Between May 1999 and June 2000, Golob was the State Secretary at the Ministry of Economic Affairs in the government led by prime minister Janez Drnovšek of the LDS party. In 2002, he was elected to the City Council of Nova Gorica, a position he held until 2022. In 2011, Golob joined the Positive Slovenia party, founded by the mayor of Ljubljana Zoran Janković. In 2013–14, with the rising tensions within the party between its founder and chairman Zoran Janković and Prime Minister Alenka Bratušek, Golob played a mediating role between the two factions. With the final break within the party in April 2014, he joined the breakaway Party of Alenka Bratušek (SAB), becoming one of its vice-presidents. After the poor performance of SAB in the subsequent 2014 election, winning only four seats, he moved away from politics on the national level, remaining active only at the local level in the municipality of Nova Gorica; he chaired the neighborhood assembly of Kromberk-Loke between 2010 and 2014, remaining one of its members until 2022.

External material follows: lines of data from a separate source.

text \<open>Row operations clear column \<open>k\<close> above the pivot \<open>(q, k)\<close>, then column operations clear
  row \<open>q\<close> right of it. Earlier pivot rows and columns are untouched, since they meet row \<open>q\<close>
  and column \<open>k\<close> in zeros.\<close>

lemma cleared_cols_Suc_by_clearing:
  fixes C :: "'a::field mat"
  assumes C: "C \<in> carrier_mat n n" and cl: "cleared_cols n k p C" and k: "k < n"
    and q: "q < n" and Cqk: "C $$ (q, k) \<noteq> 0" and below: "\<forall>i<n. q < i \<longrightarrow> C $$ (i, k) = 0"
    and a: "a = (\<lambda>i. if i < q then - (C $$ (i, k) / C $$ (q, k)) else 0)"
  defines "C1 \<equiv> row_add_mat n q a * C"
  assumes b: "b = (\<lambda>l. if k < l then - (C1 $$ (q, l) / C1 $$ (q, k)) else 0)"
  shows "cleared_cols n (Suc k) (p(k := q)) (C1 * col_add_mat n k b)"
proof -
  have old: "p j < n" "\<And>i. i < n \<Longrightarrow> i \<noteq> p j \<Longrightarrow> C $$ (i, j) = 0"
    "\<And>l. l < n \<Longrightarrow> l \<noteq> j \<Longrightarrow> C $$ (p j, l) = 0" if "j < k" for j
    using cl that unfolding cleared_cols_def by blast+
  have Cpk: "C $$ (p j, k) = 0" if "j < k" for j using old(3)[OF that k] that by simp
  have pq: "p j \<noteq> q" if "j < k" for j using Cpk[OF that] Cqk by auto
  have Cqj: "C $$ (q, j) = 0" if "j < k" for j using old(2)[OF that q] pq[OF that] by simp
  note L_col = row_clearing[OF C q k Cqk below a, folded C1_def]
  have C1C: "C1 \<in> carrier_mat n n" unfolding C1_def using row_add_mat_carrier C by (rule mult_carrier_mat)
  have C1qk: "C1 $$ (q, k) = C $$ (q, k)" using L_col(1)[OF q] by simp
  have C1_left: "\<forall>l<k. C1 $$ (q, l) = 0" using L_col(3)[OF q _ Cqj] k Cqj by simp
  note R_row = col_clearing[OF C1C q k _ C1_left b, unfolded C1qk, OF Cqk]
  have "cleared_cols n k p (C1 * col_add_mat n k b)"
  proof (rule cleared_cols_cong[OF cl])
    fix i j assume "i < n" "j < k"
    then show "(C1 * col_add_mat n k b) $$ (i, j) = C $$ (i, j)"
      using R_row(3) L_col(3)[OF _ _ Cqj] k by simp
  next
    fix j l assume "j < k" "l < n"
    then show "(C1 * col_add_mat n k b) $$ (p j, l) = C $$ (p j, l)"
      using R_row(2) L_col(1) L_col(2)[OF _ _ Cpk] old(1) pq by simp
  qed
  moreover have "(C1 * col_add_mat n k b) $$ (i, k) = (if i = q then C $$ (q, k) else 0)"
    if "i < n" for i
    using R_row(3)[OF that] L_col(1)[OF that] by simp
  ultimately show ?thesis
    unfolding cleared_cols_Suc cleared_cols_fun_upd[OF le_refl] using q Cqk R_row(1) by simp
qed

text \<open>Taking the lowest nonzero entry as pivot makes the row operation upper triangular. Both
  operations stay inside one diagonal block: the block pattern places every nonzero entry of
  column \<open>k\<close> in the block of \<open>q\<close>, and every nonzero entry of row \<open>q\<close> in the block of \<open>k\<close>.\<close>

lemma cleared_cols_step:
  assumes m: "0 < m" and C: "C \<in> block_monomial m d" and cl: "cleared_cols (m * d) k p C"
    and k: "k < m * d"
  obtains L R q where "L \<in> B_blocks m d" "R \<in> B_blocks m d"
    "cleared_cols (m * d) (Suc k) (p(k := q)) (L * C * R)"
proof -
  let ?n = "m * d"
  obtain \<sigma> where \<sigma>: "\<sigma> permutes {..<d}" "block_pattern m ?n \<sigma> C" and CC: "C \<in> carrier_mat ?n ?n"
    and invC: "invertible_mat C"
    using C unfolding block_monomial_def by blast
  obtain q where q: "q < ?n" and Cqk: "C $$ (q, k) \<noteq> 0"
    and below: "\<forall>i<?n. q < i \<longrightarrow> C $$ (i, k) = 0"
    using invertible_mat_lowest_nonzero_in_col[OF CC invC k] by blast
  have pat: "i div m = \<sigma> (j div m)" if "i < ?n" "j < ?n" "C $$ (i, j) \<noteq> 0" for i j
    using \<sigma>(2) that unfolding block_pattern_def by blast
  define a where "a = (\<lambda>i. if i < q then - (C $$ (i, k) / C $$ (q, k)) else 0)"
  define L where "L = row_add_mat ?n q a"
  define b where "b = (\<lambda>l. if k < l then - ((L * C) $$ (q, l) / (L * C) $$ (q, k)) else 0)"
  have LB: "L \<in> B_blocks m d" unfolding L_def
  proof (rule row_add_mat_B_blocks[OF q])
    fix i assume "i < ?n" "a i \<noteq> 0"
    then show "i < q \<and> i div m = q div m"
      using pat[OF _ k] pat[OF q k Cqk] by (auto simp: a_def split: if_splits)
  qed (simp add: a_def)
  have "block_pattern m ?n id L"
    using LB block_upper_imp_block_pattern_id unfolding B_blocks_iff by blast
  from block_pattern_mult[OF B_blocks_carrier[OF LB] CC this \<sigma>(2)]
  have LC_pat: "block_pattern m ?n \<sigma> (L * C)" by simp
  have RB: "col_add_mat ?n k b \<in> B_blocks m d"
  proof (rule col_add_mat_B_blocks[OF k])
    fix l assume l: "l < ?n" "b l \<noteq> 0"
    then have "k < l" "(L * C) $$ (q, l) \<noteq> 0" by (auto simp: b_def split: if_splits)
    then have "\<sigma> (l div m) = \<sigma> (k div m)"
      using LC_pat l(1) q pat[OF q k Cqk] unfolding block_pattern_def by metis
    then show "k < l \<and> k div m = l div m"
      using \<open>k < l\<close> permutes_inj[OF \<sigma>(1)] by (metis injD)
  qed (simp add: b_def)
  have "cleared_cols ?n (Suc k) (p(k := q)) (L * C * col_add_mat ?n k b)"
    unfolding b_def L_def by (rule cleared_cols_Suc_by_clearing[OF CC cl k q Cqk below a_def refl])
  then show ?thesis using that LB RB by blast
qed

lemma block_monomial_B_equiv_cleared:
  assumes m: "0 < m" and A: "A \<in> block_monomial m d"
  shows "k \<le> m * d \<Longrightarrow>
    \<exists>C p. C \<in> block_monomial m d \<and> B_equiv m d A C \<and> cleared_cols (m * d) k p C"
proof (induction k)
  case 0
  then show ?case
    using A B_equiv_refl[OF block_monomial_carrier[OF A]] by (auto simp: cleared_cols_def)
next
  case (Suc k)
  then obtain C p where C: "C \<in> block_monomial m d" "B_equiv m d A C" "cleared_cols (m * d) k p C"
    by auto
  obtain L R q where LR: "L \<in> B_blocks m d" "R \<in> B_blocks m d"
    and cl: "cleared_cols (m * d) (Suc k) (p(k := q)) (L * C * R)"
    using cleared_cols_step[OF m C(1,3)] Suc.prems by auto
  have "L * C * R \<in> block_monomial m d"
    using block_monomial_mult B_blocks_subset_block_monomial LR C(1) by blast
  moreover have "B_equiv m d A (L * C * R)"
    using B_equiv_trans[OF C(2) B_equiv_mult[OF block_monomial_carrier[OF C(1)] LR]]
      block_monomial_carrier[OF calculation] .
  ultimately show ?case using cl by blast
qed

When his mandate as chairman of GEN-I ended in 2021, and after not receiving another one, Golob decided to take an active role in politics again. In January 2022, he took over the small extraparliamentary Green Actions Party and renamed it to Freedom Movement. On 24 April 2022, in the 2022 Slovenian parliamentary election, the Freedom Movement won 41 seats in the 90-seat National Assembly.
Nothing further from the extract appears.